Because you’re her first boyfriend, my guess is that she went to family and friends for advice when you told her you loved her, and they worried that she was moving too fast and the two of you were going to run off together. I think her sudden change of heart is a result of inexperience and outside advice. So where does that leave you?
My advice is that you continue to try and date her. If she sees that you’re having said you love her doesn’t change the day to day relationship, she may relax a little — and so may her family and friends. Basically, you’re dealing with someone who doesn’t have a lot of relationship experience and is looking to others for advice — which is normal, but the problem with advice is that people who give it are often biased or don’t see the entire situation from both sides. Her family and friends may not know you that well, or they may have perceptions about you that aren’t true.
Dating is about winning her over — and sometimes it means winning over her family and friends. Certainly that’s true, historically. And sometimes things haven’t changed that much over the years.
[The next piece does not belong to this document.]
(* If $\bm{\Omega}$ is positive definite, then a normal mode transformation exists.
   Context: Fix an integer $N\ge 1$, real numbers $v$ with $|v|<1$, $L>0$, $L_{\star}\ge 0$, an integer $M\ge 1$ and real coefficients $c_{1}=1,c_{2},\dots,c_{M}$. Let $F(k)=\sum_{i=1}^{M}(-1)^{i-1}c_{i}L_{\star}^{2i-2}k^{2i-1}$ and $k_{n}=n\pi/L$, and assume $F(k_{n})^{2}\neq v^{2}k_{n}^{2}$ for $n=1,\dots,N$. Put $u_{n}=\sqrt{|F(k_{n})^{2}-v^{2}k_{n}^{2}|}/k_{n}>0$, and $\varepsilon_{n}=1$ if $F(k_{n})^{2}-v^{2}k_{n}^{2}>0$, $\varepsilon_{n}=0$ otherwise. Define $N\times N$ matrices $\bm\sigma,\bm\rho,\bm\xi$ by $\sigma_{nn}=0$, $\sigma_{nm}=\dfrac{2iv\sqrt{nm}\,[1-(-1)^{n+m}]}{\pi\sqrt{u_{n}u_{m}}\,(m^{2}-n^{2})}$ for $n\neq m$, $\bm\rho=\mathrm{diag}(n u_{n}\varepsilon_{n})$, $\bm\xi=\mathrm{diag}(-n u_{n}(1-\varepsilon_{n}))$. With $\mathbf{I}$ the $N\times N$ identity, define the $2N\times 2N$ matrices $\bm{\Sigma}=\begin{pmatrix}\mathbf{I}&\mathbf{0}\\ \mathbf{0}&-\mathbf{I}\end{pmatrix}$, $\bm{\Gamma}=\begin{pmatrix}\mathbf{0}&\mathbf{I}\\ \mathbf{I}&\mathbf{0}\end{pmatrix}$, $\mathbf{R}=\bm{\Sigma}-\begin{pmatrix}\bm\sigma&\bm\sigma\\ \bm\sigma&\bm\sigma\end{pmatrix}$, $\bm{\Omega}=\begin{pmatrix}\bm\rho&\bm\xi\\ \bm\xi&\bm\rho\end{pmatrix}$. Standing assumption: $\mathbf{R}$ is invertible. Let $\mathbf{D}=\mathbf{R}^{-1}\bm{\Omega}$. Here ${}^{*}$ denotes entrywise complex conjugation and ${}^{\mathrm{H}}$ the conjugate transpose. A normal mode transformation is a $2N\times2N$ matrix $\mathbf{T}$ such that (i) $\mathbf{T}^{\mathrm{H}}\mathbf{R}\mathbf{T}=\bm{\Sigma}$; (ii) $\mathbf{T}=\bm{\Gamma}\mathbf{T}^{*}\bm{\Gamma}$; (iii) $\mathbf{T}^{-1}\mathbf{D}\mathbf{T}=\mathrm{diag}(\mu_{1},\dots,\mu_{N},-\mu_{1},\dots,-\mu_{N})$ for some real numbers $\mu_{n}>0$, where $\mathbf{T}^{-1}=\bm{\Sigma}\mathbf{T}^{\mathrm{H}}\mathbf{R}$. *)

theory Defs
  imports Complex_Main "Jordan_Normal_Form.Matrix"
begin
Don’t give up yet. Send flowers. Invite her to the movies. Drop off a silly gift like a big stuffed animal or something that’s special to the two of you. She may come around once she processes things. And if she doesn’t, then what you’ve learned is that sometimes it’s easier to date someone who’s really ready for a serious relationship, rather than just looking for experience. But a last word of advice: do NOT get stuck in the friend zone. If she doesn’t want to date you, you need to move on.